This year’s Quinlan lecture will be delivered by Katharine Towers, whose book The Floating Man conducts musical themes against details of the everyday in a rich and varied collection.
On Thursday, October 18 at 5:30 p.m., Glucksman Ireland House at New York University will present the Tom Quinlan Lecture in Poetry, in partnership with the Seamus Heaney Centre for Poetry at Queens University, Belfast.
This year’s Quinlan lecture will be delivered by Katharine Towers, whose book The Floating Man conducts musical themes against details of the everyday in a rich and varied collection. Ms. Towers was winner of the Seamus Heaney Prize, given annually by the Seamus Heaney Center for Poetry to the author of the best first-book of poems published in Ireland or Britain. The award recipient was determined by a committee of faculty from the Heaney Centre, including the director, Ciaran Carson, who will be present to open the Quinlan Lecture.
The annual Tom Quinlan Lecture in Poetry at Glucksman Ireland House honors Quinlan, a public school teacher in Philadelphia, a lover of poetry, and Glucksman Ireland House member since 1997; the lecture is endowed by his family. The lecture Thursday evening, October 18, will be held at Glucksman Ireland House, located at 1 Washington Mews, New York, N.Y. (between Washington Square North and 8th St.) For further information, please call (212) 998-3950 or email firstname.lastname@example.org. RSVP is suggested to email@example.com.
Introductory remarks will be offered by Professor John Waters, clinical professor of Irish Studies NYU, and director of Graduate Studies.

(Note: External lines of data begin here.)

(* Let $a$ be a positive integer and for $m\in\mathbb{N}$ let $A_m=\{n\in\mathbb{N}:n<F_m^{1/a}\}$. Then for every $\beta\in[0,1]$, $$\frac{\#\{n\in A_m:\{\mathfrak F^{-1}(n^a)\}\le\beta\}}{\#A_m}=\frac{\phi^{\beta/a}-1}{\phi^{1/a}-1}+O(m\phi^{-m/a})\quad(m\to\infty).$$
   Context: $F$: $F_1=1,F_2=2,F_{n+2}=F_{n+1}+F_n$; $\phi$ is the golden ratio; $\mathfrak F(x)=\frac{\phi}{\sqrt5}(\phi^x+\phi^{-x}\cos(\pi x)\phi^{-2})$, which is increasing on $[1,\infty)$ with $\mathfrak F(n)=F_n$, and $\mathfrak F^{-1}$ is its inverse on $[1,\infty)$; $\{y\}$ is the fractional part of $y$. *)

theory Defs
  imports Complex_Main "HOL-Library.Landau_Symbols"
begin

text \<open>Fibonacci numbers with F 1 = 1, F 2 = 2, F (n+2) = F (n+1) + F n
  (F 0 = 1 is an auxiliary value irrelevant for the asymptotic statement).\<close>
fun FibF :: "nat \<Rightarrow> nat" where
  "FibF 0 = 1"
| "FibF (Suc 0) = 1"
| "FibF (Suc (Suc n)) = FibF (Suc n) + FibF n"

definition phi :: real where
  "phi = (1 + sqrt 5) / 2"

definition frakF :: "real \<Rightarrow> real" where
  "frakF x = phi / sqrt 5 * (phi powr x + phi powr (-x) * cos (pi * x) * phi powr (-2))"

definition frakF_inv :: "real \<Rightarrow> real" where
  "frakF_inv y = (THE x. 1 \<le> x \<and> frakF x = y)"

definition A_set :: "nat \<Rightarrow> nat \<Rightarrow> nat set" where
  "A_set a m = {n. 1 \<le> n \<and> real n < real (FibF m) powr (1 / real a)}"

end

(* Since frakF is strictly increasing on [1, oo) and frakF k = F k, the integer part of
   frakF_inv (n^a) is the k with F k <= n^a < F (k+1), and its fractional part is at most beta
   iff moreover n^a <= frakF (k + beta).  So the counted n split into blocks k = 1, ..., m - 1,
   and block k consists, up to one endpoint, of the integers in
   [frakF k ^ (1/a), frakF (k + beta) ^ (1/a)].  As frakF x = (phi / sqrt 5) phi^x + O(1) and
   t |-> t ^ (1/a) is 1-Lipschitz on [1, oo), block k has C q^k (phi^(beta/a) - 1) + O(1)
   elements, where C = (phi / sqrt 5)^(1/a) and q = phi^(1/a).  Summing the geometric series,
   the numerator is r C q^m + O(m) with r = (phi^(beta/a) - 1) / (q - 1), while the
   denominator is C q^m + O(1); the ratio is therefore r + O(m / q^m). *)

theory Submission
  imports Defs
begin

lemma sqrt5_bounds: "2.2 < sqrt 5" "sqrt 5 < 3"
proof -
  show "2.2 < sqrt 5" by (rule real_less_rsqrt) (simp add: power2_eq_square)
  have "sqrt 5 < sqrt 9" by (simp only: real_sqrt_less_iff)
  also have "sqrt 9 = 3" by (simp add: real_sqrt_unique)
  finally show "sqrt 5 < 3" .
qed

lemma phi_bounds: "1.6 < phi" "phi < 2"
  using sqrt5_bounds unfolding phi_def by simp_all

lemma phi_pos: "phi > 0"
  using phi_bounds by simp

lemma phi_square: "phi\<^sup>2 = phi + 1"
  unfolding phi_def by (simp add: power2_eq_square field_simps)

lemma phi_minus_inverse: "phi - 1 / phi = 1"
  using phi_square phi_pos by (simp add: field_simps power2_eq_square)

lemma phi_plus_inverse: "phi + 1 / phi = sqrt 5"
  using phi_minus_inverse unfolding phi_def by (simp add: field_simps)

lemma ln_phi_bounds: "0.375 \<le> ln phi" "ln phi < 1"
proof -
  have "ln (1 / phi) \<le> 1 / phi - 1"
    using phi_pos by (intro ln_le_minus_one) simp
  moreover have "1 / phi \<le> 1 / 1.6"
    using phi_bounds by (intro divide_left_mono) auto
  ultimately show "0.375 \<le> ln phi"
    using phi_pos by (simp add: ln_div)
  have "ln phi \<le> phi - 1"
    using phi_pos by (intro ln_le_minus_one)
  then show "ln phi < 1"
    using phi_bounds by simp
qed

lemma frakF_eq: "frakF x = phi / sqrt 5 * (phi powr x + phi powr (- x - 2) * cos (pi * x))"
  using phi_pos by (simp add: frakF_def powr_diff powr_minus_divide)

lemma frakF_add_two: "frakF (x + 2) = frakF (x + 1) + frakF x"
proof -
  have cos_shift: "cos (pi * (x + 1)) = - cos (pi * x)" "cos (pi * (x + 2)) = cos (pi * x)"
    by (simp_all add: distrib_left cos_add)
  have "phi powr (x + 2) = phi powr (x + 1) + phi powr x"
    using phi_pos phi_square by (simp add: powr_add power2_eq_square algebra_simps)
  moreover have "phi powr (- x - 2) = phi powr (- x - 3) + phi powr (- x - 4)"
  proof -
    have "phi powr (- x - 3) = phi powr (- x - 4) * phi powr 1"
         "phi powr (- x - 2) = phi powr (- x - 4) * phi powr 2"
      by (simp_all only: powr_add[symmetric]) (simp_all add: algebra_simps)
    then show ?thesis
      using phi_square phi_pos by (simp add: powr_numeral algebra_simps)
  qed
  ultimately show ?thesis
    unfolding frakF_eq cos_shift by (simp add: algebra_simps add_divide_distrib)
qed

lemma frakF_0: "frakF 0 = 1"
  using phi_plus_inverse phi_pos
  by (simp add: frakF_eq powr_minus_divide power2_eq_square field_simps)

lemma frakF_1: "frakF 1 = 1"
proof -
  have "phi * (phi - 1 / phi ^ 3) = (phi - 1 / phi) * (phi + 1 / phi)"
    using phi_pos by (simp add: field_simps power3_eq_cube)
  then show ?thesis
    using phi_plus_inverse phi_minus_inverse phi_pos
    by (simp add: frakF_eq powr_diff powr_minus_divide field_simps)
qed

lemma frakF_of_nat: "frakF (real n) = real (FibF n)"
proof (induction n rule: FibF.induct)
  case (3 n)
  then show ?case
    using frakF_add_two[of "real n"] by (simp add: add.commute)
qed (simp_all add: frakF_0 frakF_1)

lemma frakF_has_derivative:
  "(frakF has_real_derivative phi / sqrt 5 * (ln phi * phi powr x
     - phi powr (- x - 2) * (ln phi * cos (pi * x) + pi * sin (pi * x)))) (at x)"
proof -
  define c where "c = phi / sqrt 5"
  have eq: "frakF = (\<lambda>x. c * (phi powr x + phi powr (- x - 2) * cos (pi * x)))"
    using frakF_eq unfolding c_def by blast
  show ?thesis
    unfolding eq c_def[symmetric] using phi_pos
    by (auto intro!: derivative_eq_intros simp: algebra_simps)
qed

text \<open>This makes the derivative of \<open>frakF\<close> positive on \<open>[1, \<infinity>)\<close>: on \<open>[1, 2]\<close> the
  sine term is nonpositive, and beyond \<open>2\<close> the factor \<open>phi powr (2 * x + 2) \<ge> phi ^ 6 > 16\<close>
  dominates.\<close>
lemma ln_phi_cos_plus_pi_sin_less:
  assumes "1 \<le> x"
  shows "ln phi * cos (pi * x) + pi * sin (pi * x) < ln phi * phi powr (2 * x + 2)"
proof (cases "x \<le> 2")
  case True
  have "sin (pi * x) \<le> 0"
    using True assms sin_le_zero[of "pi * x"] by (cases "x = 2") auto
  then have "pi * sin (pi * x) \<le> 0"
    by (simp add: mult_nonneg_nonpos)
  moreover have "ln phi * cos (pi * x) \<le> ln phi"
    using ln_phi_bounds by (intro mult_left_le) auto
  ultimately have "ln phi * cos (pi * x) + pi * sin (pi * x) \<le> ln phi"
    by linarith
  also have "\<dots> < ln phi * phi powr (2 * x + 2)"
    using ln_phi_bounds gr_one_powr[of phi "2 * x + 2"] phi_bounds assms by simp
  finally show ?thesis .
next
  case False
  have "(16::real) \<le> 1.6 ^ 6"
    by (simp add: eval_nat_numeral)
  also have "\<dots> \<le> phi ^ 6"
    using phi_bounds by (intro power_mono) auto
  also have "\<dots> = phi powr 6"
    using phi_pos by (simp add: powr_numeral)
  also have "\<dots> \<le> phi powr (2 * x + 2)"
    using False phi_bounds by (intro powr_mono) auto
  finally have "0.375 * 16 \<le> ln phi * phi powr (2 * x + 2)"
    using ln_phi_bounds by (intro mult_mono) auto
  then have "6 \<le> ln phi * phi powr (2 * x + 2)"
    by simp
  moreover have "ln phi * cos (pi * x) + pi * sin (pi * x) \<le> ln phi + pi"
    using ln_phi_bounds by (intro add_mono mult_left_le) auto
  ultimately show ?thesis
    using ln_phi_bounds pi_less_4 by linarith
qed

lemma frakF_less:
  assumes "1 \<le> x" "x < y"
  shows "frakF x < frakF y"
  using assms(2)
proof (rule DERIV_pos_imp_increasing)
  fix z assume "x \<le> z"
  then have "phi powr (- z - 2) * (ln phi * cos (pi * z) + pi * sin (pi * z))
      < phi powr (- z - 2) * (ln phi * phi powr (2 * z + 2))"
    using ln_phi_cos_plus_pi_sin_less[of z] assms(1) phi_pos by simp
  also have "\<dots> = ln phi * phi powr z"
    by (simp flip: powr_add)
  finally show "\<exists>d. (frakF has_real_derivative d) (at z) \<and> 0 < d"
    using frakF_has_derivative phi_pos by force
qed

lemma frakF_less_iff: "1 \<le> x \<Longrightarrow> 1 \<le> y \<Longrightarrow> frakF x < frakF y \<longleftrightarrow> x < y"
  by (metis frakF_less not_less_iff_gr_or_eq order_less_asym)

lemma frakF_le_iff: "1 \<le> x \<Longrightarrow> 1 \<le> y \<Longrightarrow> frakF x \<le> frakF y \<longleftrightarrow> x \<le> y"
  by (meson frakF_less_iff not_less)

lemma frakF_ge_one: "1 \<le> x \<Longrightarrow> 1 \<le> frakF x"
  using frakF_le_iff[of 1 x] frakF_1 by simp

lemma FibF_ge: "1 \<le> FibF n" "n \<le> FibF n"
  by (induction n rule: FibF.induct) auto

lemma mono_FibF: "mono FibF"
proof (rule mono_iff_le_Suc[THEN iffD2], rule allI)
  show "FibF n \<le> FibF (Suc n)" for n
    by (induction n rule: FibF.induct) auto
qed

This event is free and open to the public.
About Tom Quinlan:
The Quinlan lectureship is named for Philadelphia educator Tom Quinlan, a life-long lover of poetry, who recently began his 64th year of teaching. Quinlan, 87, was educated in Philadelphia Catholic schools and is a 1949 graduate of La Salle University. He taught for 43 years in the Philadelphia public school system, mostly at Abraham Lincoln High School. For the past 20 years, he has taught poetry to senior citizens in an adult education program at Delaware Valley College in Doylestown, Pennsylvania. In his late seventies, he made two month-long trips to central China as a volunteer teacher. He has attended the Yeats Summer School in Sligo, Rep. of Ireland, a total of ten times, and had the pleasure of studying there with poets Seamus Heaney and Michael Longley, as well as Helen Vendler and many other Yeats scholars. Quinlan is a third generation Irish-American. His paternal grandfather, Bartholomew Quinlan, was born in Co. Cork in 1864; his paternal grandmother, Cecilia Cox, was born on a farm outside of Enniskillen in Co. Fermanagh, Northern Ireland in 1862. In recent years, Quinlan was able to locate cousins and the farm, visiting both on several occasions with his son and grandson on his nearly annual visits to Sligo. Quinlan and his wife of 64 years, Virginia Clark Quinlan, have three children, three grandchildren and four great grandchildren. They reside in Levittown, Pennsylvania. The lectureship was endowed as a gift from his family.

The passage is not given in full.